→ What you are asked to do:
Word for word, transcribe the data below.
··· Data shown
(* Let $\tau_0\geq 3$. Consider an oriented hyperbolic surface with boundary equipped with an ideal triangulation with zero shear, with dual graph $\mathcal{G}$, and run the process that at each step chooses uniformly at random a pair $\{h_1,h_2\}$ of distinct half-edges of the current dual graph with $\tau(h_1,h_2)\geq\tau_0$ and glues the corresponding boundary sides (with zero shear, orientation-reversing), producing dual graphs $\mathcal{G}^{(t)}$. If $\mathcal{G}^{(t)}$ is safe for some $t$, then $\mathcal{G}^{(t+1)}$ is also safe; hence from then on the process saturates (i.e. continues until no half-edges remain) with certainty.
   Context: The dual graph $\mathcal{G}$ of a zero-shear ideal triangulation has one trivalent vertex per triangle, an edge for each interior side and a half-edge for each boundary side; the orientation of the surface makes it a ribbon graph. A non-backtracking path in $\mathcal{G}$ carries a word in the letters $L,R$ recording whether it turns left or right at each vertex it traverses; replacing $L$ by $\begin{pmatrix}1&1\\0&1\end{pmatrix}$ and $R$ by $\begin{pmatrix}1&0\\1&1\end{pmatrix}$ gives a matrix whose trace is the trace of the path. For distinct half-edges $h_1,h_2$, the trace distance $\tau(h_1,h_2)$ is the minimum of the traces greater than $2$ of paths starting on $h_1$ and ending on $h_2$ (and $+\infty$ if there are none). $\mathcal{G}$ is called safe if (1) $\tau(h,h')\geq\tau_0$ for all pairs of distinct half-edges $h,h'$, and (2) every cusp on the boundary of the associated surface is incident to at least $\sqrt{\tau_0-2}$ triangles, i.e. whenever two half-edges are connected by a path carrying $L^k$ or $R^k$, then $k\geq\sqrt{\tau_0-2}$. *)

theory Defs
  imports "HOL-Analysis.Analysis"
begin

text \<open>Ribbon graphs with half-edges, encoded by darts (flags).
  Each dart lies at a vertex; rot is the cyclic (orientation) order of the
  darts around their vertex; opp pairs the two darts of an interior edge,
  and a dart fixed by opp is a half-edge (a boundary side).\<close>

record 'd rgraph =
  darts :: "'d set"
  rot :: "'d \<Rightarrow> 'd"
  opp :: "'d \<Rightarrow> 'd"

definition trivalent_ribbon_graph :: "'d rgraph \<Rightarrow> bool" where
  "trivalent_ribbon_graph G \<longleftrightarrow>
     finite (darts G) \<and>
     bij_betw (rot G) (darts G) (darts G) \<and>
     (\<forall>d\<in>darts G. rot G d \<noteq> d \<and> rot G (rot G (rot G d)) = d) \<and>
     (\<forall>d\<in>darts G. opp G d \<in> darts G \<and> opp G (opp G d) = d)"

definition half_edges :: "'d rgraph \<Rightarrow> 'd set" where
  "half_edges G = {d \<in> darts G. opp G d = d}"

definition glue :: "'d rgraph \<Rightarrow> 'd \<Rightarrow> 'd \<Rightarrow> 'd rgraph" where
  "glue G h1 h2 = G\<lparr>opp := (opp G)(h1 := h2, h2 := h1)\<rparr>"

text \<open>Turn letters: True = L, False = R.  Entering a vertex through dart e,
  a left turn leaves through rot e, a right turn through rot (rot e) (= rot^-1 e).
  (Swapping the convention does not change any trace.)\<close>
definition exit_dart :: "'d rgraph \<Rightarrow> bool \<Rightarrow> 'd \<Rightarrow> 'd" where
  "exit_dart G b e = (if b then rot G e else rot G (rot G e))"

text \<open>walk G e w f: the non-backtracking path entering its first vertex through
  dart e, turning according to the word w at each traversed vertex,
  and leaving its last vertex through dart f.\<close>
fun walk :: "'d rgraph \<Rightarrow> 'd \<Rightarrow> bool list \<Rightarrow> 'd \<Rightarrow> bool" where
  "walk G e [] f = False"
| "walk G e [b] f = (exit_dart G b e = f)"
| "walk G e (b # c # w) f =
     (let x = exit_dart G b e in opp G x \<noteq> x \<and> walk G (opp G x) (c # w) f)"

definition path_words :: "'d rgraph \<Rightarrow> 'd \<Rightarrow> 'd \<Rightarrow> bool list set" where
  "path_words G h1 h2 = {w. h1 \<in> half_edges G \<and> h2 \<in> half_edges G \<and> walk G h1 w h2}"

definition Lmat :: "int^2^2" where
  "Lmat = (\<chi> i j. if i = 2 \<and> j = 1 then 0 else 1)"

definition Rmat :: "int^2^2" where
  "Rmat = (\<chi> i j. if i = 1 \<and> j = 2 then 0 else 1)"
lemma ln_midpoint_step_lower_deriv_sign:
  fixes y :: real
  assumes "y \<ge> 1"
  shows "(1/12) / y^3 - (1/12) / (y + 1)^3 \<le> 1 / (y - 1/2) - 1 / (y + 1/2) - 1 / y^2"
proof -
  have "y^2 \<ge> 1" using assms by (simp add: one_le_power)
  with assms have p: "y - 1/2 > 0" "y + 1/2 > 0" "y > 0" "y^2 - 1/4 > 0" by linarith+
  define P where "P = y^2 - 1/4"
  have "(1/12) / y^3 - (1/12) / (y + 1)^3 = (3 * y^2 + 3 * y + 1) / (12 * y^3 * (y + 1)^3)"
  proof -
    define b where "b = y + 1"
    have "b > 0" using p by (simp add: b_def)
    then have "(1/12) / y^3 - (1/12) / b^3 = (b^3 - y^3) / (12 * y^3 * b^3)"
      using p by (simp add: field_simps)
    also have "b^3 - y^3 = 3 * y^2 + 3 * y + 1"
      by (simp add: b_def power2_eq_square power3_eq_cube algebra_simps)
    finally show ?thesis by (simp add: b_def)
  qed
  also have "\<dots> \<le> 1 / (4 * y^2 * P)"
  proof -
    have "3 * y * (y + 1)^3 - P * (3 * y^2 + 3 * y + 1) = 6 * y^3 + 35/4 * y^2 + 15/4 * y + 1/4"
      by (simp add: P_def power2_eq_square power3_eq_cube algebra_simps)
    moreover have "y^3 \<ge> 0" "y^2 \<ge> 0" using p by auto
    ultimately have "P * (3 * y^2 + 3 * y + 1) \<le> 3 * y * (y + 1)^3" using p by linarith
    then have "(4 * y^2 * P) * (3 * y^2 + 3 * y + 1) \<le> 12 * y^3 * (y + 1)^3"
      using p by (simp add: power2_eq_square power3_eq_cube)
    then show ?thesis using p by (simp add: P_def divide_simps) (simp add: algebra_simps)
  qed
  also have "\<dots> = 1 / (y - 1/2) - 1 / (y + 1/2) - 1 / y^2"
    using p by (simp add: P_def field_simps power2_eq_square)
  finally show ?thesis .
qed
text \<open>The cycles of C can be spliced into the walk \<pi> one at a time: whatever has been
  spliced in so far, some remaining cycle touches it.\<close>

definition cycles_attached :: "'v list \<Rightarrow> 'v list set \<Rightarrow> bool" where
  "cycles_attached \<pi> C \<longleftrightarrow>
     (\<forall>D\<subset>C. \<exists>\<gamma>\<in>C - D. \<exists>v\<in>set \<gamma>. v \<in> set \<pi> \<or> (\<exists>\<delta>\<in>D. v \<in> set \<delta>))"

lemma cycles_attachedD:
  "cycles_attached \<pi> C \<Longrightarrow> D \<subset> C \<Longrightarrow> \<exists>\<gamma>\<in>C - D. \<exists>v\<in>set \<gamma>. v \<in> set \<pi> \<or> (\<exists>\<delta>\<in>D. v \<in> set \<delta>)"
  unfolding cycles_attached_def by blast

lemma cycles_attached_mono:
  "cycles_attached \<pi> C \<Longrightarrow> set \<pi> \<subseteq> set \<pi>' \<Longrightarrow> cycles_attached \<pi>' C"
  unfolding cycles_attached_def by (meson subsetD)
······
→ Response box:
(* Let $\tau_0\geq 3$. Consider an oriented hyperbolic surface with boundary equipped with an ideal triangulation with zero shear, with dual graph $\mathcal{G}$, and run the process that at each step chooses uniformly at random a pair $\{h_1,h_2\}$ of distinct half-edges of the current dual graph with $\tau(h_1,h_2)\geq\tau_0$ and glues the corresponding boundary sides (with zero shear, orientation-reversing), producing dual graphs $\mathcal{G}^{(t)}$. If $\mathcal{G}^{(t)}$ is safe for some $t$, then $\mathcal{G}^{(t+1)}$ is also safe; hence from then on the process saturates (i.e. continues until no half-edges remain) with certainty.
   Context: The dual graph $\mathcal{G}$ of a zero-shear ideal triangulation has one trivalent vertex per triangle, an edge for each interior side and a half-edge for each boundary side; the orientation of the surface makes it a ribbon graph. A non-backtracking path in $\mathcal{G}$ carries a word in the letters $L,R$ recording whether it turns left or right at each vertex it traverses; replacing $L$ by $\begin{pmatrix}1&1\\0&1\end{pmatrix}$ and $R$ by $\begin{pmatrix}1&0\\1&1\end{pmatrix}$ gives a matrix whose trace is the trace of the path. For distinct half-edges $h_1,h_2$, the trace distance $\tau(h_1,h_2)$ is the minimum of the traces greater than $2$ of paths starting on $h_1$ and ending on $h_2$ (and $+\infty$ if there are none). $\mathcal{G}$ is called safe if (1) $\tau(h,h')\geq\tau_0$ for all pairs of distinct half-edges $h,h'$, and (2) every cusp on the boundary of the associated surface is incident to at least $\sqrt{\tau_0-2}$ triangles, i.e. whenever two half-edges are connected by a path carrying $L^k$ or $R^k$, then $k\geq\sqrt{\tau_0-2}$. *)

theory Defs
  imports "HOL-Analysis.Analysis"
begin

text \<open>Ribbon graphs with half-edges, encoded by darts (flags).
  Each dart lies at a vertex; rot is the cyclic (orientation) order of the
  darts around their vertex; opp pairs the two darts of an interior edge,
  and a dart fixed by opp is a half-edge (a boundary side).\<close>

record 'd rgraph =
  darts :: "'d set"
  rot :: "'d \<Rightarrow> 'd"
  opp :: "'d \<Rightarrow> 'd"

definition trivalent_ribbon_graph :: "'d rgraph \<Rightarrow> bool" where
  "trivalent_ribbon_graph G \<longleftrightarrow>
     finite (darts G) \<and>
     bij_betw (rot G) (darts G) (darts G) \<and>
     (\<forall>d\<in>darts G. rot G d \<noteq> d \<and> rot G (rot G (rot G d)) = d) \<and>
     (\<forall>d\<in>darts G. opp G d \<in> darts G \<and> opp G (opp G d) = d)"

definition half_edges :: "'d rgraph \<Rightarrow> 'd set" where
  "half_edges G = {d \<in> darts G. opp G d = d}"

definition glue :: "'d rgraph \<Rightarrow> 'd \<Rightarrow> 'd \<Rightarrow> 'd rgraph" where
  "glue G h1 h2 = G\<lparr>opp := (opp G)(h1 := h2, h2 := h1)\<rparr>"

text \<open>Turn letters: True = L, False = R.  Entering a vertex through dart e,
  a left turn leaves through rot e, a right turn through rot (rot e) (= rot^-1 e).
  (Swapping the convention does not change any trace.)\<close>
definition exit_dart :: "'d rgraph \<Rightarrow> bool \<Rightarrow> 'd \<Rightarrow> 'd" where
  "exit_dart G b e = (if b then rot G e else rot G (rot G e))"

text \<open>walk G e w f: the non-backtracking path entering its first vertex through
  dart e, turning according to the word w at each traversed vertex,
  and leaving its last vertex through dart f.\<close>
fun walk :: "'d rgraph \<Rightarrow> 'd \<Rightarrow> bool list \<Rightarrow> 'd \<Rightarrow> bool" where
  "walk G e [] f = False"
| "walk G e [b] f = (exit_dart G b e = f)"
| "walk G e (b # c # w) f =
     (let x = exit_dart G b e in opp G x \<noteq> x \<and> walk G (opp G x) (c # w) f)"

definition path_words :: "'d rgraph \<Rightarrow> 'd \<Rightarrow> 'd \<Rightarrow> bool list set" where
  "path_words G h1 h2 = {w. h1 \<in> half_edges G \<and> h2 \<in> half_edges G \<and> walk G h1 w h2}"

definition Lmat :: "int^2^2" where
  "Lmat = (\<chi> i j. if i = 2 \<and> j = 1 then 0 else 1)"

definition Rmat :: "int^2^2" where
  "Rmat = (\<chi> i j. if i = 1 \<and> j = 2 then 0 else 1)"
lemma ln_midpoint_step_lower_deriv_sign:
  fixes y :: real
  assumes "y \<ge> 1"
  shows "(1/12) / y^3 - (1/12) / (y + 1)^3 \<le> 1 / (y - 1/2) - 1 / (y + 1/2) - 1 / y^2"
proof -
  have "y^2 \<ge> 1" using assms by (simp add: one_le_power)
  with assms have p: "y - 1/2 > 0" "y + 1/2 > 0" "y > 0" "y^2 - 1/4 > 0" by linarith+
  define P where "P = y^2 - 1/4"
  have "(1/12) / y^3 - (1/12) / (y + 1)^3 = (3 * y^2 + 3 * y + 1) / (12 * y^3 * (y + 1)^3)"
  proof -
    define b where "b = y + 1"
    have "b > 0" using p by (simp add: b_def)
    then have "(1/12) / y^3 - (1/12) / b^3 = (b^3 - y^3) / (12 * y^3 * b^3)"
      using p by (simp add: field_simps)
    also have "b^3 - y^3 = 3 * y^2 + 3 * y + 1"
      by (simp add: b_def power2_eq_square power3_eq_cube algebra_simps)
    finally show ?thesis by (simp add: b_def)
  qed
  also have "\<dots> \<le> 1 / (4 * y^2 * P)"
  proof -
    have "3 * y * (y + 1)^3 - P * (3 * y^2 + 3 * y + 1) = 6 * y^3 + 35/4 * y^2 + 15/4 * y + 1/4"
      by (simp add: P_def power2_eq_square power3_eq_cube algebra_simps)
    moreover have "y^3 \<ge> 0" "y^2 \<ge> 0" using p by auto
    ultimately have "P * (3 * y^2 + 3 * y + 1) \<le> 3 * y * (y + 1)^3" using p by linarith
    then have "(4 * y^2 * P) * (3 * y^2 + 3 * y + 1) \<le> 12 * y^3 * (y + 1)^3"
      using p by (simp add: power2_eq_square power3_eq_cube)
    then show ?thesis using p by (simp add: P_def divide_simps) (simp add: algebra_simps)
  qed
  also have "\<dots> = 1 / (y - 1/2) - 1 / (y + 1/2) - 1 / y^2"
    using p by (simp add: P_def field_simps power2_eq_square)
  finally show ?thesis .
qed
text \<open>The cycles of C can be spliced into the walk \<pi> one at a time: whatever has been
  spliced in so far, some remaining cycle touches it.\<close>

definition cycles_attached :: "'v list \<Rightarrow> 'v list set \<Rightarrow> bool" where
  "cycles_attached \<pi> C \<longleftrightarrow>
     (\<forall>D\<subset>C. \<exists>\<gamma>\<in>C - D. \<exists>v\<in>set \<gamma>. v \<in> set \<pi> \<or> (\<exists>\<delta>\<in>D. v \<in> set \<delta>))"

lemma cycles_attachedD:
  "cycles_attached \<pi> C \<Longrightarrow> D \<subset> C \<Longrightarrow> \<exists>\<gamma>\<in>C - D. \<exists>v\<in>set \<gamma>. v \<in> set \<pi> \<or> (\<exists>\<delta>\<in>D. v \<in> set \<delta>)"
  unfolding cycles_attached_def by blast

lemma cycles_attached_mono:
  "cycles_attached \<pi> C \<Longrightarrow> set \<pi> \<subseteq> set \<pi>' \<Longrightarrow> cycles_attached \<pi>' C"
  unfolding cycles_attached_def by (meson subsetD)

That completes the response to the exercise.